Both physico-chemical and quantum theoretical descriptors have been used for solvent description. These 33 descriptors were widely described in a previous paper [26]. Briefly, the physico-chemical descriptors used are those classically employed for both solvent classification [27, 28] and toxicity QSARs [8, 13] purposes: octanol/water partition coefficient (LogP), molecular weight (Mw), boiling point (bp), density (d), molar volume (Vm), dipole moment (μ), dielectric constant (ε), refractive index (nr), surface tension (γ), vapor tension (Pvap), Hildebrand parameter (δ), and Hansen solubility parameters (δd, δp, and δh).
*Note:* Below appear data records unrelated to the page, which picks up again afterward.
definition qstep :: "'a list \<Rightarrow> config \<Rightarrow> config \<Rightarrow> bool" where
  "qstep w c c' \<longleftrightarrow> (case c of (Q, i) \<Rightarrow>
      i < length w \<and> snd c' = Suc i \<and>
      (fst c' = Q @ [i] \<or> (Q \<noteq> [] \<and> w ! hd Q = w ! i \<and> fst c' = tl Q)))"

definition accepting :: "'a list \<Rightarrow> config list \<Rightarrow> bool" where
  "accepting w cs \<longleftrightarrow> cs \<noteq> [] \<and> hd cs = ([], 0) \<and> last cs = ([], length w) \<and>
     (\<forall>t. Suc t < length cs \<longrightarrow> qstep w (cs ! t) (cs ! Suc t))"

definition two_full :: "nat set set \<Rightarrow> config \<Rightarrow> bool" where
  "two_full Bs c \<longleftrightarrow> (\<exists>B1\<in>Bs. \<exists>B2\<in>Bs. B1 \<noteq> B2 \<and> B1 \<subseteq> set (fst c) \<and> B2 \<subseteq> set (fst c))"

end

theory Submission
  imports Defs
begin

text \<open>Let \<open>\<sigma>\<^sup>j\<close> and \<open>\<sigma>\<^sup>j\<^sup>'\<close> be the two full blocks, the first one earlier in \<open>V\<close>, so \<open>j' \<le> j\<close>.
  All input read afterwards lies beyond the second block, so every block in it is shorter than
  \<open>j\<close>. The queue being first-in first-out, the symbols of the first block are matched, in order,
  by \<open>j\<close> occurrences of \<open>\<sigma>\<close> that cannot all lie in one block; hence a complete block of the
  other letter \<open>\<tau>\<close> is read in between. Meanwhile the queue head lies in the first block, so
  these \<open>\<tau>\<close>'s cannot be matched and are pushed. The matching has now passed at least two
  factors beyond the second block, so the blocks that follow are shorter than \<open>j'\<close>, and the
  same argument gives a second pushed \<open>\<tau>\<close>-block while the second \<open>\<sigma>\<close>-block is matched.
  Both \<open>\<tau>\<close>-blocks were pushed after the second \<open>\<sigma>\<close>-block, so both are still in the queue
  when its last symbol is popped.\<close>

lemma length_vfac [simp]: "length (vfac j) = 2 * j + 2"
  by (simp add: vfac_def)

lemma nth_vfac:
  "q < 2 * j + 2 \<Longrightarrow>
    vfac j ! q = (if q = 0 then C1 else if q \<le> j then X else if q \<le> 2 * j then Y else C2)"
  by (auto simp: vfac_def nth_append nth_Cons' nth_replicate)

lemma Vword_0: "Vword 0 = []"
  by (simp add: Vword_def)

lemma Vword_Suc: "Vword (Suc l) = vfac (Suc l) @ vfac (Suc l) @ Vword l"
  by (simp add: Vword_def)

lemma vstart_Suc_self: "vstart (Suc l) (Suc l) k = k * (2 * Suc l + 2)"
  by (simp add: vstart_def)

lemma vstart_Suc: "j \<le> l \<Longrightarrow> vstart (Suc l) j k = vstart l j k + 2 * (2 * Suc l + 2)"
proof -
  assume "j \<le> l"
  then have "{j<..Suc l} = insert (Suc l) {j<..l}" by auto
  then show ?thesis by (simp add: vstart_def)
qed

definition is_factor :: "nat \<Rightarrow> nat \<Rightarrow> nat \<Rightarrow> bool" where
  "is_factor l j k \<longleftrightarrow> 1 \<le> j \<and> j \<le> l \<and> k < 2"

text \<open>Copy \<open>k\<close> of \<open>v\<^sub>j\<close> is the \<open>factor_rank l j k\<close>-th factor of \<open>Vword l\<close>, counting from 0.\<close>
definition factor_rank :: "nat \<Rightarrow> nat \<Rightarrow> nat \<Rightarrow> nat" where
  "factor_rank l j k = 2 * (l - j) + k"

lemma nth_Vword_vstart:
  assumes "is_factor l j k" "q < 2 * j + 2"
  shows "vstart l j k + q < length (Vword l) \<and> Vword l ! (vstart l j k + q) = vfac j ! q"
  using assms
proof (induction l)
  case 0
  then show ?case by (auto simp: is_factor_def)
next
  case (Suc l)
  show ?case
  proof (cases "j = Suc l")
    case True
    then have "k = 0 \<or> k = 1" using Suc.prems by (auto simp: is_factor_def)
    then show ?thesis
    proof
      assume "k = 0"
      then show ?thesis using Suc.prems True vstart_Suc_self[of l k]
        by (auto simp: Vword_Suc nth_append)
    next
      assume "k = 1"
      then have "vstart (Suc l) j k + q = length (vfac (Suc l)) + q"
        using vstart_Suc_self[of l k] True by simp
      then show ?thesis using Suc.prems True
        by (simp only: Vword_Suc nth_append_length_plus) (simp add: nth_append)
    qed
  next
    case False
    then have "is_factor l j k" "j \<le> l" using Suc.prems by (auto simp: is_factor_def)
    with Suc.IH[OF this(1) Suc.prems(2)] show ?thesis
      by (simp add: vstart_Suc Vword_Suc nth_append)
  qed
qed

lemma Vword_position_cases:
  assumes "p < length (Vword l)"
  obtains j k q where "is_factor l j k" "q < 2 * j + 2" "p = vstart l j k + q"
proof -
  have "\<exists>j k q. is_factor l j k \<and> q < 2 * j + 2 \<and> p = vstart l j k + q"
    using assms
  proof (induction l arbitrary: p)
    case 0
    then show ?case by (simp add: Vword_0)
  next
    case (Suc l)
    consider "p < 2 * Suc l + 2" | "2 * Suc l + 2 \<le> p" "p < 2 * (2 * Suc l + 2)"
      | "2 * (2 * Suc l + 2) \<le> p" by linarith
    then show ?case
    proof cases
      case 1
      then show ?thesis using vstart_Suc_self[of l 0]
        by (intro exI[of _ "Suc l"] exI[of _ 0] exI[of _ p]) (simp add: is_factor_def)
    next
      case 2
      then show ?thesis using vstart_Suc_self[of l 1]
        by (intro exI[of _ "Suc l"] exI[of _ 1] exI[of _ "p - (2 * Suc l + 2)"])
          (auto simp: is_factor_def)
    next
      case 3
      then have "p - 2 * (2 * Suc l + 2) < length (Vword l)"
        using Suc.prems by (simp add: Vword_Suc)
      from Suc.IH[OF this] obtain j k q where
        "is_factor l j k" "q < 2 * j + 2" "p - 2 * (2 * Suc l + 2) = vstart l j k + q"
        by blast
      with 3 show ?thesis
        by (intro exI[of _ j] exI[of _ k] exI[of _ q])
          (auto simp: is_factor_def vstart_Suc)
    qed
  qed
  then show thesis using that by blast
qed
Descriptors values were found in several databases [2933] (https://reaxys.com; https:// scifinder.cas.org).

The ecotoxicity behavior of chemicals may stem from chemical reactivity and selectivity. Therefore, it has been chosen to include relevant quantum descriptors that were computed by the density functional theory (DFT) after geometric optimization with ADF software (http://www.scm.com). Descriptor calculations were performed with the Perdew, Burke, and Ernzerhof (PBE) [34] generalized gradient approximation (GGA) exchange-correlation functional method and a triple zeta (TZP) basis set. These theoretical descriptors were the energy of the highest occupied molecular orbital (HOMO), the energy of the lowest unoccupied molecular orbital (LUMO), the hardness (LUMO-HOMO), the electronegativity ((HOMO + LUMO)/2), the polarisability (α), the maximal (qmax) and minimal (qmin) atomic Mulliken charges, the maximal (Vmax) and minimal (Vmin) electrostatic potential values, the surface area (Surf), the molecular volume (Vol), and the molecule’s ovality (Ov). Three descriptors were added and are related to the electrostatic potential (ESP) computed between -3 eV and +3 eV on the solvent accessible surface around the molecule: the surface Sneg with ESP lower than −0.1 eV, the surface S with ESP ranging from −0.1 eV up to 0.1 eV, and the surface Spos with ESP larger than 0.1 eV. S represents hydrophobic regions while Sneg and Spos represent hydrophilic ones in relation with base or acid Lewis nature. Topological descriptors were also calculated using ProChemist software (http://pro.chemist.online.fr/) such as Wiener [35], Balaban [36], Randic [37], Kier Indices [38].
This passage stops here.